Marin faced a domestic backlash last year when footage emerged of her dancing with friends.
She acknowledged partying “in a boisterous way” after the release of the private videos which went viral online – but said she was angry that the footage, which prompted criticism from political opponents, was leaked to the media.
“These videos are private and filmed in a private space. I resent that these became known to the public,” Marin told reporters in Kuopio, Finland.
“I spent a night with my friends. We just partied, also in a boisterous way. I danced and sang,” she said.
The footage prompted some of Marin’s opponents to criticize her behavior as unbecoming of a prime minister. Mikko Karna, an opposition MP, tweeted that Marin should undergo a drug test – which later came back negative.
Others came out in support of the prime minister, with women across the world posting videos on social media of themselves dancing, using the hashtag #solidaritywithsanna. Her defenders argued that as a young woman she had the right to enjoy normal activities such as going clubbing with friends.
It wasn’t the first time that Marin’s private life has become politicized in Finland. She previously apologized to the public in 2021 after a photo surfaced of her in a nightclub, following the Finnish foreign minister’s positive test for Covid-19.
Whoever wins this election will have to form a coalition of several parties to gain a majority in Parliament.
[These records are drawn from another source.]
definition bdd_distrib_lattice :: "('a, 'b) rb_alg_scheme \<Rightarrow> bool" where
  "bdd_distrib_lattice A \<longleftrightarrow>
     topel A \<in> carrier A \<and> botel A \<in> carrier A \<and>
     (\<forall>a\<in>carrier A. \<forall>b\<in>carrier A. meet A a b \<in> carrier A \<and> join A a b \<in> carrier A) \<and>
     (\<forall>a\<in>carrier A. \<forall>b\<in>carrier A.
        meet A a b = meet A b a \<and> join A a b = join A b a \<and>
        meet A a (join A a b) = a \<and> join A a (meet A a b) = a) \<and>
     (\<forall>a\<in>carrier A. \<forall>b\<in>carrier A. \<forall>c\<in>carrier A.
        meet A (meet A a b) c = meet A a (meet A b c) \<and>
        join A (join A a b) c = join A a (join A b c) \<and>
        meet A a (join A b c) = join A (meet A a b) (meet A a c)) \<and>
     (\<forall>a\<in>carrier A. meet A a (topel A) = a \<and> join A a (botel A) = a)"

definition is_RBA :: "('a, 'b) rb_alg_scheme \<Rightarrow> bool" where
  "is_RBA A \<longleftrightarrow>
     bdd_distrib_lattice A \<and>
     (\<forall>a\<in>carrier A. \<forall>b\<in>carrier A.
        rarr A a b \<in> carrier A \<and> larr A a b \<in> carrier A \<and> mult A a b \<in> carrier A) \<and>
     (\<forall>a\<in>carrier A. \<forall>b\<in>carrier A. \<forall>c\<in>carrier A.
        (le A (mult A a b) c \<longleftrightarrow> le A b (rarr A a c)) \<and>
        (le A b (rarr A a c) \<longleftrightarrow> le A a (larr A c b))) \<and>
     (\<forall>a\<in>carrier A. le A (mult A a (topel A)) a \<and> le A (mult A (topel A) a) a) \<and>
     (\<forall>a\<in>carrier A. \<forall>b\<in>carrier A. le A (mult A a b) (mult A (mult A a b) b))"

definition embeds_partial ::
  "('a, 'b) rb_alg_scheme \<Rightarrow> 'a set \<Rightarrow> ('c, 'd) rb_alg_scheme \<Rightarrow> ('a \<Rightarrow> 'c) \<Rightarrow> bool" where
  "embeds_partial A B C h \<longleftrightarrow>
     inj_on h B \<and> h ` B \<subseteq> carrier C \<and>
     (topel A \<in> B \<longrightarrow> h (topel A) = topel C) \<and>
     (botel A \<in> B \<longrightarrow> h (botel A) = botel C) \<and>
     (\<forall>a\<in>B. \<forall>b\<in>B.
        (meet A a b \<in> B \<longrightarrow> h (meet A a b) = meet C (h a) (h b)) \<and>
        (join A a b \<in> B \<longrightarrow> h (join A a b) = join C (h a) (h b)) \<and>
        (rarr A a b \<in> B \<longrightarrow> h (rarr A a b) = rarr C (h a) (h b)) \<and>
        (larr A a b \<in> B \<longrightarrow> h (larr A a b) = larr C (h a) (h b)) \<and>
        (mult A a b \<in> B \<longrightarrow> h (mult A a b) = mult C (h a) (h b)))"

end

theory Submission
  imports Defs
begin

(* Let A be an RBA and B a finite subset of its carrier.
   1. In a bounded distributive lattice every finite set X lies in a finite bounded
      sublattice D: starting from {top, bot}, adjoining one element b to a finite
      sublattice D gives the finite sublattice of all (l1 meet b) join l2 with l1, l2 in D.
   2. In a finite bounded sublattice D every element x has a least upper approximation
      up D x in D and a greatest lower approximation dn D x in D.
   3. On D, keep the lattice operations of A, take up D (a * b) as product and
      dn D (a -> c), dn D (c <- b) as residuals.  Since up and dn are Galois-compatible
      with the order on D, residuation, the top-laws and the square law a*b <= (a*b)*b
      carry over, so this is a finite RBA; on B (a subset of D) the identity is an
      embedding of the partial subalgebra, because up and dn fix elements of D.
   4. Transporting this finite algebra along an injection into nat yields the
      required algebra of type nat rb_alg. *)

section \<open>Bounded distributive lattices\<close>

locale distrib_lattice_alg =
  fixes A :: "('a, 'b) rb_alg_scheme"
  assumes lattice: "bdd_distrib_lattice A"
begin

lemma top_closed[simp]: "topel A \<in> carrier A"
  using lattice unfolding bdd_distrib_lattice_def by blast
lemma bot_closed[simp]: "botel A \<in> carrier A"
  using lattice unfolding bdd_distrib_lattice_def by blast
lemma meet_closed[simp]: "a \<in> carrier A \<Longrightarrow> b \<in> carrier A \<Longrightarrow> meet A a b \<in> carrier A"
  using lattice unfolding bdd_distrib_lattice_def by blast
lemma join_closed[simp]: "a \<in> carrier A \<Longrightarrow> b \<in> carrier A \<Longrightarrow> join A a b \<in> carrier A"
  using lattice unfolding bdd_distrib_lattice_def by blast

lemma meet_comm: "a \<in> carrier A \<Longrightarrow> b \<in> carrier A \<Longrightarrow> meet A a b = meet A b a"
  using lattice unfolding bdd_distrib_lattice_def by blast
lemma join_comm: "a \<in> carrier A \<Longrightarrow> b \<in> carrier A \<Longrightarrow> join A a b = join A b a"
  using lattice unfolding bdd_distrib_lattice_def by blast
lemma meet_absorb: "a \<in> carrier A \<Longrightarrow> b \<in> carrier A \<Longrightarrow> meet A a (join A a b) = a"
  using lattice unfolding bdd_distrib_lattice_def by blast
lemma join_absorb: "a \<in> carrier A \<Longrightarrow> b \<in> carrier A \<Longrightarrow> join A a (meet A a b) = a"
  using lattice unfolding bdd_distrib_lattice_def by blast
lemma meet_assoc:
  "a \<in> carrier A \<Longrightarrow> b \<in> carrier A \<Longrightarrow> c \<in> carrier A \<Longrightarrow> meet A (meet A a b) c = meet A a (meet A b c)"
  using lattice unfolding bdd_distrib_lattice_def by blast
lemma join_assoc:
  "a \<in> carrier A \<Longrightarrow> b \<in> carrier A \<Longrightarrow> c \<in> carrier A \<Longrightarrow> join A (join A a b) c = join A a (join A b c)"
  using lattice unfolding bdd_distrib_lattice_def by blast
lemma meet_join_distrib:
  "a \<in> carrier A \<Longrightarrow> b \<in> carrier A \<Longrightarrow> c \<in> carrier A \<Longrightarrow>
   meet A a (join A b c) = join A (meet A a b) (meet A a c)"
  using lattice unfolding bdd_distrib_lattice_def by blast
lemma meet_top: "a \<in> carrier A \<Longrightarrow> meet A a (topel A) = a"
  using lattice unfolding bdd_distrib_lattice_def by blast
lemma join_bot: "a \<in> carrier A \<Longrightarrow> join A a (botel A) = a"
  using lattice unfolding bdd_distrib_lattice_def by blast

lemma meet_idem: "a \<in> carrier A \<Longrightarrow> meet A a a = a"
  by (metis meet_absorb join_absorb meet_closed)
lemma join_idem: "a \<in> carrier A \<Longrightarrow> join A a a = a"
  by (metis meet_absorb join_absorb join_closed)
lemma meet_left_comm:
  "a \<in> carrier A \<Longrightarrow> b \<in> carrier A \<Longrightarrow> c \<in> carrier A \<Longrightarrow> meet A a (meet A b c) = meet A b (meet A a c)"
  by (metis meet_assoc meet_comm)
lemma join_left_comm:
  "a \<in> carrier A \<Longrightarrow> b \<in> carrier A \<Longrightarrow> c \<in> carrier A \<Longrightarrow> join A a (join A b c) = join A b (join A a c)"
  by (metis join_assoc join_comm)
lemma join_meet_distrib_right:
  "a \<in> carrier A \<Longrightarrow> b \<in> carrier A \<Longrightarrow> c \<in> carrier A \<Longrightarrow>
   meet A (join A b c) a = join A (meet A b a) (meet A c a)"
  by (metis meet_join_distrib meet_comm join_closed)

lemma le_refl: "a \<in> carrier A \<Longrightarrow> le A a a"
  by (simp add: le_def meet_idem)
lemma le_trans:
  "a \<in> carrier A \<Longrightarrow> b \<in> carrier A \<Longrightarrow> c \<in> carrier A \<Longrightarrow> le A a b \<Longrightarrow> le A b c \<Longrightarrow> le A a c"
  unfolding le_def by (metis meet_assoc)
lemma le_antisym: "a \<in> carrier A \<Longrightarrow> b \<in> carrier A \<Longrightarrow> le A a b \<Longrightarrow> le A b a \<Longrightarrow> a = b"
  unfolding le_def by (metis meet_comm)
lemma le_iff_join: "a \<in> carrier A \<Longrightarrow> b \<in> carrier A \<Longrightarrow> le A a b \<longleftrightarrow> join A a b = b"
  unfolding le_def by (metis meet_absorb join_absorb meet_comm join_comm)
lemma meet_lower1: "a \<in> carrier A \<Longrightarrow> b \<in> carrier A \<Longrightarrow> le A (meet A a b) a"
  unfolding le_def by (simp add: meet_comm[of _ a] meet_assoc[symmetric] meet_idem)
lemma meet_lower2: "a \<in> carrier A \<Longrightarrow> b \<in> carrier A \<Longrightarrow> le A (meet A a b) b"
  by (metis meet_lower1 meet_comm)
lemma meet_greatest:
  "a \<in> carrier A \<Longrightarrow> b \<in> carrier A \<Longrightarrow> c \<in> carrier A \<Longrightarrow> le A c a \<Longrightarrow> le A c b \<Longrightarrow> le A c (meet A a b)"
  unfolding le_def by (metis meet_assoc)
lemma join_upper1: "a \<in> carrier A \<Longrightarrow> b \<in> carrier A \<Longrightarrow> le A a (join A a b)"
  unfolding le_def by (metis meet_absorb)
lemma join_upper2: "a \<in> carrier A \<Longrightarrow> b \<in> carrier A \<Longrightarrow> le A b (join A a b)"
  by (metis join_upper1 join_comm)
lemma join_least:
  "a \<in> carrier A \<Longrightarrow> b \<in> carrier A \<Longrightarrow> c \<in> carrier A \<Longrightarrow> le A a c \<Longrightarrow> le A b c \<Longrightarrow> le A (join A a b) c"
  by (simp add: le_iff_join join_assoc)
lemma le_top: "a \<in> carrier A \<Longrightarrow> le A a (topel A)"
  by (simp add: le_def meet_top)
lemma bot_le: "a \<in> carrier A \<Longrightarrow> le A (botel A) a"
  by (metis le_iff_join join_bot join_comm bot_closed)

section \<open>Finite bounded sublattices\<close>

definition bounded_sublattice :: "'a set \<Rightarrow> bool" where
  "bounded_sublattice D \<longleftrightarrow> D \<subseteq> carrier A \<and> topel A \<in> D \<and> botel A \<in> D \<and>
     (\<forall>x\<in>D. \<forall>y\<in>D. meet A x y \<in> D \<and> join A x y \<in> D)"

lemma bounded_sublattice_top_bot: "bounded_sublattice {topel A, botel A}"
proof -
  have "meet A (botel A) (topel A) = botel A" "meet A (topel A) (botel A) = botel A"
    "join A (botel A) (topel A) = topel A" "join A (topel A) (botel A) = topel A"
    using bot_le[of "topel A"] le_top[of "botel A"] le_iff_join[of "botel A" "topel A"]
    by (simp_all add: le_def meet_comm join_comm)
  then show ?thesis
    unfolding bounded_sublattice_def by (auto simp: meet_idem join_idem)
qed

text \<open>By distributivity, the meet and the join of two elements of the form (l1 meet b) join l2
  are again of that form; this is what keeps the adjunction of b finite.\<close>

lemma join_of_adjoined:
  assumes "l1 \<in> carrier A" "l2 \<in> carrier A" "l3 \<in> carrier A" "l4 \<in> carrier A" "b \<in> carrier A"
  shows "join A (join A (meet A l1 b) l2) (join A (meet A l3 b) l4) =
    join A (meet A (join A l1 l3) b) (join A l2 l4)"
  using assms by (simp add: join_meet_distrib_right join_assoc join_left_comm)

lemma meet_of_adjoined:
  assumes c: "l1 \<in> carrier A" "l2 \<in> carrier A" "l3 \<in> carrier A" "l4 \<in> carrier A" "b \<in> carrier A"
  shows "meet A (join A (meet A l1 b) l2) (join A (meet A l3 b) l4) =
    join A (meet A (join A (join A (meet A l1 l3) (meet A l2 l3)) (meet A l1 l4)) b) (meet A l2 l4)"
proof -
  let ?p = "meet A l1 b" and ?q = "meet A l3 b"
  have "meet A (join A ?p l2) (join A ?q l4) =
      join A (meet A (join A ?p l2) ?q) (meet A (join A ?p l2) l4)"
    using c by (simp add: meet_join_distrib)
  also have "\<dots> = join A (join A (meet A ?p ?q) (meet A l2 ?q)) (join A (meet A ?p l4) (meet A l2 l4))"
    using c by (simp add: join_meet_distrib_right)
  also have "meet A ?p ?q = meet A (meet A l1 l3) b"
    using c by (simp add: meet_assoc meet_left_comm meet_idem)
  also have "meet A l2 ?q = meet A (meet A l2 l3) b"
    using c by (simp add: meet_assoc)
  also have "meet A ?p l4 = meet A (meet A l1 l4) b"
    using c by (simp add: meet_assoc meet_comm meet_left_comm)
  finally show ?thesis
    using c by (simp add: join_meet_distrib_right join_assoc join_left_comm)
qed

lemma bounded_sublattice_adjoin:
  assumes D: "bounded_sublattice D" and b: "b \<in> carrier A"
  defines "D' \<equiv> (\<lambda>(l1, l2). join A (meet A l1 b) l2) ` (D \<times> D)"
  shows "bounded_sublattice D'" and "D \<subseteq> D'" and "b \<in> D'"
proof -
  have Dc: "D \<subseteq> carrier A" and top: "topel A \<in> D" and bot: "botel A \<in> D"
    and closed: "\<And>x y. x \<in> D \<Longrightarrow> y \<in> D \<Longrightarrow> meet A x y \<in> D \<and> join A x y \<in> D"
    using D unfolding bounded_sublattice_def by blast+
  have in_D': "join A (meet A l1 b) l2 \<in> D'" if "l1 \<in> D" "l2 \<in> D" for l1 l2
    using that unfolding D'_def by force
  show "D \<subseteq> D'"
  proof
    fix x assume x: "x \<in> D"
    then have "join A (meet A (botel A) b) x = x"
      using Dc bot_le[OF b] join_bot join_comm unfolding le_def by (metis bot_closed subsetD)
    then show "x \<in> D'" using in_D'[OF bot x] by simp
  qed
  then have "topel A \<in> D'" "botel A \<in> D'" using top bot by blast+
  have "join A (meet A (topel A) b) (botel A) = b"
    using b by (simp add: meet_comm[of "topel A"] meet_top join_bot)
  then show "b \<in> D'" using in_D'[OF top bot] by simp
  have "meet A x y \<in> D' \<and> join A x y \<in> D'" if "x \<in> D'" "y \<in> D'" for x y
  proof -
    obtain l1 l2 where x: "l1 \<in> D" "l2 \<in> D" "x = join A (meet A l1 b) l2"
      using \<open>x \<in> D'\<close> unfolding D'_def by auto
    obtain l3 l4 where y: "l3 \<in> D" "l4 \<in> D" "y = join A (meet A l3 b) l4"
      using \<open>y \<in> D'\<close> unfolding D'_def by auto
    have c: "l1 \<in> carrier A" "l2 \<in> carrier A" "l3 \<in> carrier A" "l4 \<in> carrier A"
      using x y Dc by auto
    show ?thesis
      unfolding x(3) y(3) meet_of_adjoined[OF c b] join_of_adjoined[OF c b]
      using x y by (intro conjI in_D') (meson closed)+
  qed
  moreover have "D' \<subseteq> carrier A"
    unfolding D'_def using Dc b by (auto intro!: join_closed meet_closed)
  ultimately show "bounded_sublattice D'"
    using \<open>topel A \<in> D'\<close> \<open>botel A \<in> D'\<close> unfolding bounded_sublattice_def by blast
qed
However, negotiations could prove difficult.
Marin has previously rejected forming a government with Purra’s Finns Party, slamming it as “openly racist” during a debate in January – an accusation Purra has vehemently denied.
Teivainen believes one of the most likely outcomes of the election is a right-wing government, formed from the Finns Party and the National Coalition Party.
“The more radically anti-migrant views of the Finns Party would be somewhat moderated by the National Coalition that recognized the need to attract more migrant workers to Finland for economic reasons.
“It would in any case be a clearly more fiscally and socially conservative government compared to the current one, though not all that different from the right-wing government that preceded it.
“It could also mean that Finland’s current pledge to be carbon neutral by 2035 could be made more flexible,” he told CNN.
Purra has previously promised her party would delay Finland’s carbon neutrality target, which Marin’s ruling coalition set for 2035.
According to Teivainen, the other likely outcome is a coalition between the National Coalition Party and Sanna Marin’s Social Democrats, which he believes would “mean some, though more moderate, turn toward right-wing policies, especially in terms of fiscal discipline.”
Whoever Finland’s new leader is, they will be tasked with leading the country into NATO after Turkey last week finally approved Helsinki’s application to join the military alliance, putting an end to months of delays.
Yle interviewed 1,830 Finnish citizens who are eligible to vote. The survey was carried out from March 1-28, 2023. Results have a margin of error of plus or minus two points.